What the task asks: Set down exactly the lines of the records from the top to the line containing "using gap[OF _"; include both.

-- Task inputs follows --

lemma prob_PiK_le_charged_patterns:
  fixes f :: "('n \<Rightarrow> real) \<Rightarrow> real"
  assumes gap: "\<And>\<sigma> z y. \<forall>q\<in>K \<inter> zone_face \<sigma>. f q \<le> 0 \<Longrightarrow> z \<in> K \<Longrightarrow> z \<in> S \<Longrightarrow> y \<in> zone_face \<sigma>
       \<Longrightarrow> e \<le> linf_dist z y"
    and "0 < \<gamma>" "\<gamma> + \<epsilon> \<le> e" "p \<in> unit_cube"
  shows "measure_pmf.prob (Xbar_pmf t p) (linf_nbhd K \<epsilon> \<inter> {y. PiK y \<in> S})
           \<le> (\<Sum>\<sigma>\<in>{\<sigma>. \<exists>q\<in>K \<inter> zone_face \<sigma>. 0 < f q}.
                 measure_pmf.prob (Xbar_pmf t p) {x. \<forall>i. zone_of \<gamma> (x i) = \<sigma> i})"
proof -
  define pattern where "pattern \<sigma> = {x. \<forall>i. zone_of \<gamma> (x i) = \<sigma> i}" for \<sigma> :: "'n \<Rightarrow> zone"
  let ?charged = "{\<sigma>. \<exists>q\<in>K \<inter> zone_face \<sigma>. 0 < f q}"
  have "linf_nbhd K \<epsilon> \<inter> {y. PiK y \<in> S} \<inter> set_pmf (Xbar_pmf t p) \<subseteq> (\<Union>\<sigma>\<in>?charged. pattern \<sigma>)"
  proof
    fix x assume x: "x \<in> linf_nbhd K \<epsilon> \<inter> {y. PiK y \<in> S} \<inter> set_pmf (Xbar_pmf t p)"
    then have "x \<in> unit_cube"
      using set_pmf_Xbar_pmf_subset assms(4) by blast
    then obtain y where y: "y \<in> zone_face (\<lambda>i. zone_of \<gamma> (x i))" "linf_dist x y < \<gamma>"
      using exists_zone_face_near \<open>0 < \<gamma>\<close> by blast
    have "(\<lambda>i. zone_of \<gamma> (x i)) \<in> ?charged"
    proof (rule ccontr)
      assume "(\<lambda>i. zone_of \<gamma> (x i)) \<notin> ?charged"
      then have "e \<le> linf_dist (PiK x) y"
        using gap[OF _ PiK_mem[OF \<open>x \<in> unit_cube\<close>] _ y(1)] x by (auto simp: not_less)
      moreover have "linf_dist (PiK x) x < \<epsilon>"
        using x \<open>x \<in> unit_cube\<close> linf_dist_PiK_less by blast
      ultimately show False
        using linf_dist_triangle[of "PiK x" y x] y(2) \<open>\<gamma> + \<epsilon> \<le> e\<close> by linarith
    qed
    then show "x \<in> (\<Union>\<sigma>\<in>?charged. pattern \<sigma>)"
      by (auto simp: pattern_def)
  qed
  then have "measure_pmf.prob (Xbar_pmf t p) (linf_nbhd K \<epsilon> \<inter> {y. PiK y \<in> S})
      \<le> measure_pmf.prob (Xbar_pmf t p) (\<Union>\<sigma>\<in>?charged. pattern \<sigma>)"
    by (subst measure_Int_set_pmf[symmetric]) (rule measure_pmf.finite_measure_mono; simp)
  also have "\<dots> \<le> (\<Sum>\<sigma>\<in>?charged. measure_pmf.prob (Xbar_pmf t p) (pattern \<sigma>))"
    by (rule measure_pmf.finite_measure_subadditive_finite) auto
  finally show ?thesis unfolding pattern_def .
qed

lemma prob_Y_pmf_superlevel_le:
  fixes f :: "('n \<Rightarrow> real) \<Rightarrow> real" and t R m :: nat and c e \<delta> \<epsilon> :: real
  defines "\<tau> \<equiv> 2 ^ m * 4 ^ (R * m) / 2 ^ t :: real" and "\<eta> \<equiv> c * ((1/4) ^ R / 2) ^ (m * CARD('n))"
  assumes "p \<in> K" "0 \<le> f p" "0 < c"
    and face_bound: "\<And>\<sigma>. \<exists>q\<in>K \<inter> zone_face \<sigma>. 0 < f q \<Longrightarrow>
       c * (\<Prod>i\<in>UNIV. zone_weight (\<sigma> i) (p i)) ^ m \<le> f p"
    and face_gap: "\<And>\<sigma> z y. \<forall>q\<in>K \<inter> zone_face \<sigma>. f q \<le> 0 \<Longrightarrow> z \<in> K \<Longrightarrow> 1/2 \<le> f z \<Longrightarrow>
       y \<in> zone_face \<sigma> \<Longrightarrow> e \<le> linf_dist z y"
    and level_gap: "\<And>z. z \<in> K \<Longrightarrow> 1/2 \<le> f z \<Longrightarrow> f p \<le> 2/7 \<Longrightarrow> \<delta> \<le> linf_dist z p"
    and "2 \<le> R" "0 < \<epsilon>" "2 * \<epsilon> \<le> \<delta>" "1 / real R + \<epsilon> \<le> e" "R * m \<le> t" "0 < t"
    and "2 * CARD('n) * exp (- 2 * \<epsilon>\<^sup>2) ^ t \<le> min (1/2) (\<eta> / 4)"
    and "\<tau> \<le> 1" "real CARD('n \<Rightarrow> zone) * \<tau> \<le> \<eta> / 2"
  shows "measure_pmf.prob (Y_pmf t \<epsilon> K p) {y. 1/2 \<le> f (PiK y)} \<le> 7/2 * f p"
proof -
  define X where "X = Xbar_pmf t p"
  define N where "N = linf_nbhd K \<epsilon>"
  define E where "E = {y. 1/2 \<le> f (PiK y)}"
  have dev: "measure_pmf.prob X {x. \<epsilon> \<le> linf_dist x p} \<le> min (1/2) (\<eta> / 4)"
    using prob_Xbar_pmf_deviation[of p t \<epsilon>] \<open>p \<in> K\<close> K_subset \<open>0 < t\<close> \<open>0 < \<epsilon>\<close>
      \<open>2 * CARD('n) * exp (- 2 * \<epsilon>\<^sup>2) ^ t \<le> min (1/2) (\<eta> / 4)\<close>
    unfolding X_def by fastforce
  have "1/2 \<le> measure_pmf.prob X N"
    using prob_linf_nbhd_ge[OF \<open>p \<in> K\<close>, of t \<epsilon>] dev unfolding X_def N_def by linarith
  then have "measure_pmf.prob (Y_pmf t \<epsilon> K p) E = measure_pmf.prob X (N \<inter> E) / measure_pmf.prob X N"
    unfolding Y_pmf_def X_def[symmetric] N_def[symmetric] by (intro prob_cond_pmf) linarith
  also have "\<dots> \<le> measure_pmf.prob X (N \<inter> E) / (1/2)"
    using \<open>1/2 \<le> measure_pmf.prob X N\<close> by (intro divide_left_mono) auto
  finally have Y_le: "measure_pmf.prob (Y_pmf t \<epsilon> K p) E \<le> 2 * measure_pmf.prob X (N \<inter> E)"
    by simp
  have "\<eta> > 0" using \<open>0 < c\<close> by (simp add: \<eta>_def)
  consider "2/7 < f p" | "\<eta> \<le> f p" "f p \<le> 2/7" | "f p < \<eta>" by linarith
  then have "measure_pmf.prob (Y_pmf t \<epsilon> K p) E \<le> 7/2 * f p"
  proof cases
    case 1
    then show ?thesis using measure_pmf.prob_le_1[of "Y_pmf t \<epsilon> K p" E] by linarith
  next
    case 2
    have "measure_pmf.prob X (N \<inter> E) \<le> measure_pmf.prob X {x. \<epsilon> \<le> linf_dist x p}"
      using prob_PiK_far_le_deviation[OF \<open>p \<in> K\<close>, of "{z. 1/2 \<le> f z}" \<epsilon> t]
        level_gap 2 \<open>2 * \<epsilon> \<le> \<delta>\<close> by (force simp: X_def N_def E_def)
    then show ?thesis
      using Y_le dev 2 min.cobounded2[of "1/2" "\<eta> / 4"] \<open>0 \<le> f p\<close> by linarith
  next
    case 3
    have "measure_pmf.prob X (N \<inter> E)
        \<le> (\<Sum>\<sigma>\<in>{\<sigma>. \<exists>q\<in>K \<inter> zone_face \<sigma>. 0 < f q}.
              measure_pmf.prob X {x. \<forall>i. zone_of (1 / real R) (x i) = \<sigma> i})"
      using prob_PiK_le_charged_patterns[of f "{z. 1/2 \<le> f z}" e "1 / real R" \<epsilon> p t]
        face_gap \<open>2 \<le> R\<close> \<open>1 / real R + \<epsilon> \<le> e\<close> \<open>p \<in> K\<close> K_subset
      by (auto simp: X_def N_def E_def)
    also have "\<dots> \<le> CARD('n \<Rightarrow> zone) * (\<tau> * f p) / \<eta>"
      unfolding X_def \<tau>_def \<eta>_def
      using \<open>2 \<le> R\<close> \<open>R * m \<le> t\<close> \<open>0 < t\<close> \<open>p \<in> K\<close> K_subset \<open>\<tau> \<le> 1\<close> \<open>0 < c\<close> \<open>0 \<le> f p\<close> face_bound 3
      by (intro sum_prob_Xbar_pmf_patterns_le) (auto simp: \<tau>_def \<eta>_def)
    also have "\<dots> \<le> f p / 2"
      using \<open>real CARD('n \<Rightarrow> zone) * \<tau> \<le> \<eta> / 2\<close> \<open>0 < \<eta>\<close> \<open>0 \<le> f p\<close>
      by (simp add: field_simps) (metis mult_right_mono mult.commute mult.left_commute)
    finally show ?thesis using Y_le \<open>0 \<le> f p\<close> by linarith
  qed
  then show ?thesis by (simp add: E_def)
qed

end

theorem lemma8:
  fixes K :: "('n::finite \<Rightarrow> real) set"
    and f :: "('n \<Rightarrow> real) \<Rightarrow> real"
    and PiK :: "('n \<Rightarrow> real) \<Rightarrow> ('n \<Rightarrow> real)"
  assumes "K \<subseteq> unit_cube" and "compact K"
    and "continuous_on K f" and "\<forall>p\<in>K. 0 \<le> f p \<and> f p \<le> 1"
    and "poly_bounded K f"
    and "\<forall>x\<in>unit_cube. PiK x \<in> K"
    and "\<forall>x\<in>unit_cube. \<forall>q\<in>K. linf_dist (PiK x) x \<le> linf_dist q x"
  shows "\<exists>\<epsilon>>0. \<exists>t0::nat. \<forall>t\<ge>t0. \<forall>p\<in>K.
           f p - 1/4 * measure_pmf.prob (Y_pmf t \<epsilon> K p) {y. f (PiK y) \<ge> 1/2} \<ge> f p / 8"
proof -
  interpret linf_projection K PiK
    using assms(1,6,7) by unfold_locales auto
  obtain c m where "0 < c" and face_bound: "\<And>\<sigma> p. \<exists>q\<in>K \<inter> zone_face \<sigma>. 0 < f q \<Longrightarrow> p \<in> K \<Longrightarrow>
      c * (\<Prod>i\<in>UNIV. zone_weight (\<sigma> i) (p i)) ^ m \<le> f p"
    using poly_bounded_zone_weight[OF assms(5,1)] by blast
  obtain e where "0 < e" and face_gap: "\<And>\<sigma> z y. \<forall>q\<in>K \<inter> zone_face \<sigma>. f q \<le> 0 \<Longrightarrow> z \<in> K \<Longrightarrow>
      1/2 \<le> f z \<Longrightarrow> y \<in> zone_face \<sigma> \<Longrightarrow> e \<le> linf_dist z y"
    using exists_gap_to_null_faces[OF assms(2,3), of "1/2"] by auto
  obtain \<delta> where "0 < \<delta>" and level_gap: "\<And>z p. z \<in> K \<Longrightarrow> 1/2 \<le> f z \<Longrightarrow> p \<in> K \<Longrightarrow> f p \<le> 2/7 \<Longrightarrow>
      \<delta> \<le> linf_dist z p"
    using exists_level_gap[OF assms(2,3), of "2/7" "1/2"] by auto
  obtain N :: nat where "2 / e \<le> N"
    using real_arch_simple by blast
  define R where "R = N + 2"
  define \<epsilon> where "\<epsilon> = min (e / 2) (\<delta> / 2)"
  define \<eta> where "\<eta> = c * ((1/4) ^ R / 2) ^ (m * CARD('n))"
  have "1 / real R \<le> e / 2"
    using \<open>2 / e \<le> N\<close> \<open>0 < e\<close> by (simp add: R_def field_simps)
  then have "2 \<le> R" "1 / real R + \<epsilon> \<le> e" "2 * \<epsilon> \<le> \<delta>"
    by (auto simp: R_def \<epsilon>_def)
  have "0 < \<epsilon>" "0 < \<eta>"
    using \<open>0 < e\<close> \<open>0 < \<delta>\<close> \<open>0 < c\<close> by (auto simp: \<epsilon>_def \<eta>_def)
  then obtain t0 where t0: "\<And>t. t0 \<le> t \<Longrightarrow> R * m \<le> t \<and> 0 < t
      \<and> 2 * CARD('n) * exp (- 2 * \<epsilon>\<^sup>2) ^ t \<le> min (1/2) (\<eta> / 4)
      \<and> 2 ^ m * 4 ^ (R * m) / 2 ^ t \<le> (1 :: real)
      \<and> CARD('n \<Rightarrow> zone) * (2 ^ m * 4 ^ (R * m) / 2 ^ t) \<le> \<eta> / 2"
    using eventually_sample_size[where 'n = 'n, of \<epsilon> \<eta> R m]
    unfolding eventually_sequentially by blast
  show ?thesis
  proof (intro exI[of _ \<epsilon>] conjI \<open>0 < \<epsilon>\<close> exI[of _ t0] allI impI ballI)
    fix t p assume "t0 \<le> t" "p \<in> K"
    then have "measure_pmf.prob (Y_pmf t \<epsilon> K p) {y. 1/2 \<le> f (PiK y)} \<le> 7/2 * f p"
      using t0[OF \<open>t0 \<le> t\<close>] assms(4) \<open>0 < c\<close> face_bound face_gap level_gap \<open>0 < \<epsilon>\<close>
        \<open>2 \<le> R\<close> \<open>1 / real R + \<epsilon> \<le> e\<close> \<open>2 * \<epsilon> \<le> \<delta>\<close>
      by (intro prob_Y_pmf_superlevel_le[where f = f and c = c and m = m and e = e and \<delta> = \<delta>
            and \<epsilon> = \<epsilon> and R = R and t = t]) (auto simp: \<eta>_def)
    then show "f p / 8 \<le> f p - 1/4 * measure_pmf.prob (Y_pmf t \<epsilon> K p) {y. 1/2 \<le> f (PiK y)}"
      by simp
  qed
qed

-- Task inputs concluded --

Response to the task:
lemma prob_PiK_le_charged_patterns:
  fixes f :: "('n \<Rightarrow> real) \<Rightarrow> real"
  assumes gap: "\<And>\<sigma> z y. \<forall>q\<in>K \<inter> zone_face \<sigma>. f q \<le> 0 \<Longrightarrow> z \<in> K \<Longrightarrow> z \<in> S \<Longrightarrow> y \<in> zone_face \<sigma>
       \<Longrightarrow> e \<le> linf_dist z y"
    and "0 < \<gamma>" "\<gamma> + \<epsilon> \<le> e" "p \<in> unit_cube"
  shows "measure_pmf.prob (Xbar_pmf t p) (linf_nbhd K \<epsilon> \<inter> {y. PiK y \<in> S})
           \<le> (\<Sum>\<sigma>\<in>{\<sigma>. \<exists>q\<in>K \<inter> zone_face \<sigma>. 0 < f q}.
                 measure_pmf.prob (Xbar_pmf t p) {x. \<forall>i. zone_of \<gamma> (x i) = \<sigma> i})"
proof -
  define pattern where "pattern \<sigma> = {x. \<forall>i. zone_of \<gamma> (x i) = \<sigma> i}" for \<sigma> :: "'n \<Rightarrow> zone"
  let ?charged = "{\<sigma>. \<exists>q\<in>K \<inter> zone_face \<sigma>. 0 < f q}"
  have "linf_nbhd K \<epsilon> \<inter> {y. PiK y \<in> S} \<inter> set_pmf (Xbar_pmf t p) \<subseteq> (\<Union>\<sigma>\<in>?charged. pattern \<sigma>)"
  proof
    fix x assume x: "x \<in> linf_nbhd K \<epsilon> \<inter> {y. PiK y \<in> S} \<inter> set_pmf (Xbar_pmf t p)"
    then have "x \<in> unit_cube"
      using set_pmf_Xbar_pmf_subset assms(4) by blast
    then obtain y where y: "y \<in> zone_face (\<lambda>i. zone_of \<gamma> (x i))" "linf_dist x y < \<gamma>"
      using exists_zone_face_near \<open>0 < \<gamma>\<close> by blast
    have "(\<lambda>i. zone_of \<gamma> (x i)) \<in> ?charged"
    proof (rule ccontr)
      assume "(\<lambda>i. zone_of \<gamma> (x i)) \<notin> ?charged"
      then have "e \<le> linf_dist (PiK x) y"
        using gap[OF _ PiK_mem[OF \<open>x \<in> unit_cube\<close>] _ y(1)] x by (auto simp: not_less)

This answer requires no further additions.